lemma block_other_vertex:
  assumes B: "is_block V E B" and u: "u \<in> fst B"
  obtains y where "y \<in> fst B" "y \<noteq> u"
proof (rule ccontr)
  assume "\<not> thesis"
  then have fB: "fst B = {u}" using u that by blast
  have "snd B = {}"
  proof (rule ccontr)
    assume "snd B \<noteq> {}"
    then obtain e where "e \<subseteq> {u}" "card e = 2" using blockD(1)[OF B] fB by (auto simp: graph_def)
    then show False using card_mono[of "{u}" e] by simp
  qed
  moreover obtain z where z: "{u, z} \<in> E" using exists_edge blockD(2)[OF B] u by blast
  moreover have "subgraph {u, z} {{u, z}} V E" "biconnected {u, z} {{u, z}}"
    using edge_vertices[OF z] z biconnected_edge by (auto simp: subgraph_def graph_def)
  ultimately have "{u, z} = fst B" using block_maximal[OF B] fB by auto
  then show False using edge_vertices[OF z] fB by auto
qed

lemma block_connected_on_minus:
  assumes "is_block V E B"
  shows "connected_on (fst B - {v}) (del_vertex_E E v)"
  using biconnected_connected_on_minus[OF blockD(1,4)[OF assms]]
    del_vertex_E_mono[OF blockD(3)[OF assms]] by (rule connected_on_mono)

text \<open>A shortest such walk together with the two blocks forms a biconnected subgraph.\<close>
lemma block_eq_if_reach_avoiding:
  assumes B1: "is_block V E B1" and B2: "is_block V E B2"
    and v: "v \<in> fst B1" "v \<in> fst B2" and a: "a \<in> fst B1" "a \<noteq> v" and b: "b \<in> fst B2"
    and ab: "reach (del_vertex_E E v) a b"
  shows "B1 = B2"
proof -
  obtain f k where f: "f 0 = a" "f k = b" and sw: "shortest_walk (adj_rel (del_vertex_E E v)) f k"
    using shortest_walk_exists[OF ab] by blast
  have steps: "\<forall>i<k. (f i, f (Suc i)) \<in> adj_rel (del_vertex_E E v)"
    using sw unfolding shortest_walk_def by blast
  have edges: "{f i, f (Suc i)} \<in> E" if "i < k" for i
    using del_vertex_E_subset adj_relD[OF steps[rule_format, OF that]] by (rule subsetD)
  have reach_f: "reach (del_vertex_E E v) a (f j)" if "j \<le> k" for j
  proof -
    have "(a, f j) \<in> adj_rel (del_vertex_E E v) ^^ j" using walk_relpow[OF steps, of 0 j] that f(1) by simp
    then show ?thesis by (rule relpow_imp_rtrancl)
  qed
  have "a \<in> V" using a(1) blockD(2)[OF B1] by blast
  then have avoid: "v \<notin> f ` {..k}" and in_V: "f ` {..k} \<subseteq> V"
    using reach_del_vertex_E_avoids[OF reach_f a(2)] reach_in_V[OF reach_f del_vertex_E_subset]
    by auto
  define V' where "V' = fst B1 \<union> fst B2 \<union> f ` {..k}"
  define E' where "E' = snd B1 \<union> snd B2 \<union> {{f i, f (Suc i)} | i. i < k}"
  have bic: "biconnected V' E'"
    unfolding V'_def E'_def using blockD(1,4)[OF B1] blockD(1,4)[OF B2] v avoid f a(1) b
    by (intro biconnected_Un_walk shortest_walk_inj[OF sw]) auto
  have sub: "subgraph V' E' V E"
  proof -
    have "V' \<subseteq> V" "E' \<subseteq> E"
      using blockD(2,3)[OF B1] blockD(2,3)[OF B2] in_V edges by (auto simp: V'_def E'_def)
    moreover have "e \<subseteq> V'" if "e \<in> E'" for e
      using that blockD(1)[OF B1] blockD(1)[OF B2] by (auto simp: V'_def E'_def graph_def)
    ultimately show ?thesis
      using graph finite_V by (auto simp: subgraph_def graph_def intro: finite_subset)
  qed
  have "fst B1 \<subseteq> V'" "snd B1 \<subseteq> E'" "fst B2 \<subseteq> V'" "snd B2 \<subseteq> E'"
    by (auto simp: V'_def E'_def)
  then have "V' = fst B1 \<and> E' = snd B1" "V' = fst B2 \<and> E' = snd B2"
    using block_maximal[OF B1 sub bic] block_maximal[OF B2 sub bic] by blast+
  then show ?thesis by (simp add: prod_eq_iff)
qed

lemma cut_vertex_if_two_blocks:
  assumes B1: "is_block V E B1" and B2: "is_block V E B2" and "B1 \<noteq> B2"
    and v: "v \<in> fst B1" "v \<in> fst B2"
  shows "cut_vertex V E v"
proof -
  obtain a where a: "a \<in> fst B1" "a \<noteq> v" using block_other_vertex[OF B1 v(1)] by blast
  obtain b where b: "b \<in> fst B2" "b \<noteq> v" using block_other_vertex[OF B2 v(2)] by blast
  have "\<not> reach (del_vertex_E E v) a b"
    using block_eq_if_reach_avoiding[OF B1 B2 v a b(1)] assms(3) by blast
  moreover have "a \<in> V - {v}" "b \<in> V - {v}" using a b blockD(2)[OF B1] blockD(2)[OF B2] by auto
  ultimately have "\<not> connected_on (V - {v}) (del_vertex_E E v)" unfolding connected_on_def by blast
  then show ?thesis using v(1) blockD(2)[OF B1] cut_vertex_iff_disconnects by auto
qed

lemma block_eq_if_common_edge:
  assumes B1: "is_block V E B1" and B2: "is_block V E B2"
    and "{x, y} \<in> snd B1" "{x, y} \<in> snd B2"
  shows "B1 = B2"
proof -
  have "x \<in> fst B1" "y \<in> fst B1" "x \<in> fst B2" "y \<in> fst B2"
    using block_edge_vertices[OF B1] block_edge_vertices[OF B2] assms(3,4) by auto
  moreover have "x \<noteq> y" using edge_vertices subsetD[OF blockD(3)[OF B1] assms(3)] by blast
  ultimately show ?thesis using block_eq_if_reach_avoiding[OF B1 B2, of x y y] by simp
qed

abbreviation tree_nodes where "tree_nodes \<equiv> fst (block_tree V E)"
abbreviation tree_edges where "tree_edges \<equiv> snd (block_tree V E)"
abbreviation tdist where "tdist t r \<equiv> dist_rel tree_edges t r"

definition node_vertices :: "('a set \<times> 'a set set) + 'a \<Rightarrow> 'a set" where
  "node_vertices t = (case t of Inl B \<Rightarrow> fst B | Inr w \<Rightarrow> {w})"

lemma tree_edges_iff:
  "(s, t) \<in> tree_edges \<longleftrightarrow> (\<exists>B w. is_block V E B \<and> cut_vertex V E w \<and> w \<in> fst B \<and>
     ((s, t) = (Inl B, Inr w) \<or> (s, t) = (Inr w, Inl B)))"
  unfolding block_tree_def Let_def by auto

lemma tree_edge_Inl_Inr:
  "(Inl B, Inr w) \<in> tree_edges \<longleftrightarrow> is_block V E B \<and> cut_vertex V E w \<and> w \<in> fst B"
  unfolding tree_edges_iff by auto (metis prod.collapse)

lemma tree_edge_Inr_Inl:
  "(Inr w, Inl B) \<in> tree_edges \<longleftrightarrow> is_block V E B \<and> cut_vertex V E w \<and> w \<in> fst B"
  unfolding tree_edges_iff by auto (metis prod.collapse)

lemma tree_nodes_Inl [simp]: "Inl B \<in> tree_nodes \<longleftrightarrow> is_block V E B"
  unfolding block_tree_def by auto

lemma tree_nodes_Inr [simp]: "Inr w \<in> tree_nodes \<longleftrightarrow> cut_vertex V E w"
  unfolding block_tree_def by auto

lemma tree_edge_nodes: "(s, t) \<in> tree_edges \<Longrightarrow> s \<in> tree_nodes \<and> t \<in> tree_nodes"
  unfolding tree_edges_iff by auto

+++++

## About this exercise
Would you show each line of the listing above that has the string "assms"?

## Result of the exercise
  using biconnected_connected_on_minus[OF blockD(1,4)[OF assms]]
    del_vertex_E_mono[OF blockD(3)[OF assms]] by (rule connected_on_mono)
    using block_eq_if_reach_avoiding[OF B1 B2 v a b(1)] assms(3) by blast
    using block_edge_vertices[OF B1] block_edge_vertices[OF B2] assms(3,4) by auto
  moreover have "x \<noteq> y" using edge_vertices subsetD[OF blockD(3)[OF B1] assms(3)] by blast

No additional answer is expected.